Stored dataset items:
BEGIN

lemma (in prob_space) gaussian_rv_moments:
  assumes gauss: "gaussian_rv M X \<sigma>" and "0 \<le> \<sigma>" and X: "X \<in> borel_measurable M"
  shows "integrable M (\<lambda>x. (X x) ^ 4)" and "expectation X = 0"
    and "expectation (\<lambda>x. (X x)\<^sup>2) = \<sigma>\<^sup>2" and "expectation (\<lambda>x. (X x) ^ 4) = 3 * \<sigma> ^ 4"
proof -
  have moment: "integrable M (\<lambda>x. (X x) ^ k) \<and> expectation (\<lambda>x. (X x) ^ k) =
      (if \<sigma> = 0 then 0 ^ k else integral\<^sup>L lborel (\<lambda>x. normal_density 0 \<sigma> x * x ^ k))" for k
  proof (cases "\<sigma> = 0")
    case True
    then have "distr M lborel X = return lborel 0"
      using gauss by (simp add: gaussian_rv_def)
    moreover have "integrable M (\<lambda>x. (X x) ^ k) \<longleftrightarrow> integrable (distr M lborel X) (\<lambda>x. x ^ k)"
      and "expectation (\<lambda>x. (X x) ^ k) = integral\<^sup>L (distr M lborel X) (\<lambda>x. x ^ k)"
      using X by (simp_all add: integrable_distr_eq integral_distr)
    ultimately show ?thesis
      using True by (simp add: integrable_iff_bounded nn_integral_return integral_return)
  next
    case False
    then have "0 < \<sigma>" "distributed M lborel X (normal_density 0 \<sigma>)"
      using gauss \<open>0 \<le> \<sigma>\<close> by (simp_all add: gaussian_rv_def)
    then show ?thesis
      using False distributed_integrable[of M lborel X "normal_density 0 \<sigma>" "\<lambda>x. x ^ k"]
        distributed_integral[of M lborel X "normal_density 0 \<sigma>" "\<lambda>x. x ^ k"]
        integrable_normal_moment[of \<sigma> 0 k]
      by simp
  qed
  show "integrable M (\<lambda>x. (X x) ^ 4)"
    using moment[of 4] by simp
  show "expectation X = 0"
    using moment[of 1] integral_normal_moment_odd[where k=0 and \<mu>=0] \<open>0 \<le> \<sigma>\<close> by simp
  show "expectation (\<lambda>x. (X x)\<^sup>2) = \<sigma>\<^sup>2"
    using moment[of 2] integral_normal_moment_even[where k=1 and \<mu>=0] \<open>0 \<le> \<sigma>\<close>
    by (cases "\<sigma> = 0") (simp_all add: fact_numeral)
  show "expectation (\<lambda>x. (X x) ^ 4) = 3 * \<sigma> ^ 4"
    using moment[of 4] integral_normal_moment_even[where k=2 and \<mu>=0] \<open>0 \<le> \<sigma>\<close>
    by (cases "\<sigma> = 0") (simp_all add: fact_numeral field_simps)
qed

context prob_space
begin

context
  fixes e :: "nat \<Rightarrow> 'a \<Rightarrow> real" and I :: "nat set" and \<sigma> :: real and \<mu> :: "nat \<Rightarrow> real"
  assumes indep: "indep_vars (\<lambda>_. borel) e I"
    and mean_zero: "\<And>j. j \<in> I \<Longrightarrow> expectation (e j) = 0"
    and second_moment: "\<And>j. j \<in> I \<Longrightarrow> expectation (\<lambda>x. (e j x)\<^sup>2) = \<sigma>\<^sup>2"
    and integrable_fourth: "\<And>j. j \<in> I \<Longrightarrow> integrable M (\<lambda>x. (e j x) ^ 4)"
    and fourth_moment: "\<And>j. j \<in> I \<Longrightarrow> expectation (\<lambda>x. (e j x) ^ 4) = \<mu> j"
begin

lemma noise_measurable: "j \<in> I \<Longrightarrow> e j \<in> borel_measurable M"
  using indep by (simp add: indep_vars_def)

lemma integrable_noise_square:
  assumes "j \<in> I"
  shows "integrable M (\<lambda>x. (e j x)\<^sup>2)"
proof (rule square_integrable_imp_integrable)
  show "(\<lambda>x. (e j x)\<^sup>2) \<in> borel_measurable M"
    using noise_measurable[OF assms] by simp
  show "integrable M (\<lambda>x. ((e j x)\<^sup>2)\<^sup>2)"
    using integrable_fourth[OF assms] by (simp add: power4_eq_xxxx power2_eq_square mult.assoc)
qed

lemma integrable_noise: "j \<in> I \<Longrightarrow> integrable M (e j)"
  using noise_measurable integrable_noise_square by (rule square_integrable_imp_integrable)

lemma expectation_noise_square_mult:
  assumes "j \<in> I" "k \<in> I" "j \<noteq> k"
  shows "integrable M (\<lambda>x. (e j x)\<^sup>2 * (e k x)\<^sup>2)"
    and "expectation (\<lambda>x. (e j x)\<^sup>2 * (e k x)\<^sup>2) = \<sigma> ^ 4"
proof -
  have "indep_var borel (\<lambda>x. (e j x)\<^sup>2) borel (\<lambda>x. ((\<lambda>l\<in>{k}. e l x) k)\<^sup>2)"
    using assms by (intro indep_var_component_restrict[OF indep, of j "{k}"]) auto
  then have "indep_var borel (\<lambda>x. (e j x)\<^sup>2) borel (\<lambda>x. (e k x)\<^sup>2)"
    by simp
  then show "integrable M (\<lambda>x. (e j x)\<^sup>2 * (e k x)\<^sup>2)"
    and "expectation (\<lambda>x. (e j x)\<^sup>2 * (e k x)\<^sup>2) = \<sigma> ^ 4"
    using assms integrable_noise_square second_moment
    by (simp_all add: indep_var_integrable indep_var_lebesgue_integral power4_eq_xxxx power2_eq_square)
qed

lemma fourth_moment_ge:
  assumes "j \<in> I"
  shows "\<sigma> ^ 4 \<le> \<mu> j"
proof -
  have "0 \<le> variance (\<lambda>x. (e j x)\<^sup>2)"
    by (rule variance_positive)
  also have "variance (\<lambda>x. (e j x)\<^sup>2) = \<mu> j - \<sigma> ^ 4"
    using assms integrable_noise_square integrable_fourth fourth_moment second_moment
    by (subst variance_eq) (simp_all add: power4_eq_xxxx power2_eq_square mult.assoc)
  finally show ?thesis
    by simp
qed

lemma fourth_moment_eq_0:
  assumes "\<sigma> = 0" "j \<in> I"
  shows "\<mu> j = 0"
proof -
  have "AE x in M. (e j x)\<^sup>2 = 0"
    using integrable_noise_square[OF assms(2)] second_moment[OF assms(2)] assms(1)
    by (subst integral_nonneg_eq_0_iff_AE[symmetric]) auto
  then have "AE x in M. (e j x) ^ 4 = 0"
    by eventually_elim simp
  then have "expectation (\<lambda>x. (e j x) ^ 4) = 0"
    by (rule integral_eq_zero_AE)
  then show ?thesis
    using fourth_moment[OF assms(2)] by simp
qed

lemma integrable_noise_mult_square:
  "j \<in> I \<Longrightarrow> k \<in> I \<Longrightarrow> integrable M (\<lambda>x. (e j x * e k x)\<^sup>2)"
  using integrable_fourth[of j] expectation_noise_square_mult(1)[of j k]
  by (cases "j = k") (simp_all add: power_mult_distrib power4_eq_xxxx power2_eq_square mult_ac)

lemma integrable_noise_mult: "j \<in> I \<Longrightarrow> k \<in> I \<Longrightarrow> integrable M (\<lambda>x. e j x * e k x)"
  by (rule integrable_mult_of_square_integrable[OF noise_measurable noise_measurable
        integrable_noise_square integrable_noise_square])

lemma integrable_noise_mult4:
  assumes "j \<in> I" "k \<in> I" "l \<in> I" "m \<in> I"
  shows "integrable M (\<lambda>x. e j x * e k x * e l x * e m x)"
  using integrable_mult_of_square_integrable[of "\<lambda>x. e j x * e k x" M "\<lambda>x. e l x * e m x"]
    assms noise_measurable integrable_noise_mult_square
  by (simp add: mult.assoc)

lemma expectation_noise_mult:
  assumes "j \<in> I" "k \<in> I"
  shows "expectation (\<lambda>x. e j x * e k x) = \<sigma>\<^sup>2 * of_bool (j = k)"
proof (cases "j = k")
  case True
  then show ?thesis using second_moment[OF assms(1)] by (simp add: power2_eq_square)
next
  case False
  have "indep_var borel (e j) borel (\<lambda>x. (\<lambda>l\<in>{k}. e l x) k)"
    using assms False
    by (intro indep_var_component_restrict[OF indep, of j "{k}" "\<lambda>x. x" "\<lambda>y. y k"]) auto
  then show ?thesis
    using assms False mean_zero integrable_noise by (simp add: indep_var_lebesgue_integral)
qed

lemma expectation_noise_mult4_lone:
  assumes "j \<in> I" "k \<in> I" "l \<in> I" "m \<in> I" "j \<notin> {k, l, m}"
  shows "expectation (\<lambda>x. e j x * e k x * e l x * e m x) = 0"
proof -
  let ?h = "\<lambda>y :: nat \<Rightarrow> real. y k * y l * y m"
  have "?h \<in> borel_measurable (Pi\<^sub>M {k, l, m} (\<lambda>_. borel))"
    by measurable
  then have "indep_var borel (e j) borel (\<lambda>x. ?h (\<lambda>i\<in>{k, l, m}. e i x))"
    using assms by (intro indep_var_component_restrict[OF indep, of j "{k, l, m}" "\<lambda>x. x"]) auto
  then have "indep_var borel (e j) borel (\<lambda>x. e k x * e l x * e m x)"
    by simp
  moreover have "integrable M (\<lambda>x. e k x * e l x * e m x)"
    using assms integrable_mult_of_square_integrable[of "e k" M "\<lambda>x. e l x * e m x"]
      noise_measurable integrable_noise_square integrable_noise_mult_square
    by (simp add: mult.assoc)
  ultimately have "expectation (\<lambda>x. e j x * (e k x * e l x * e m x)) = 0"
    using assms mean_zero integrable_noise by (simp add: indep_var_lebesgue_integral)
  then show ?thesis
    by (simp add: mult.assoc)
qed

END

About this exercise: Going through the lines above one by one, tally those with the word "where" and give only the total.

Written solution: 3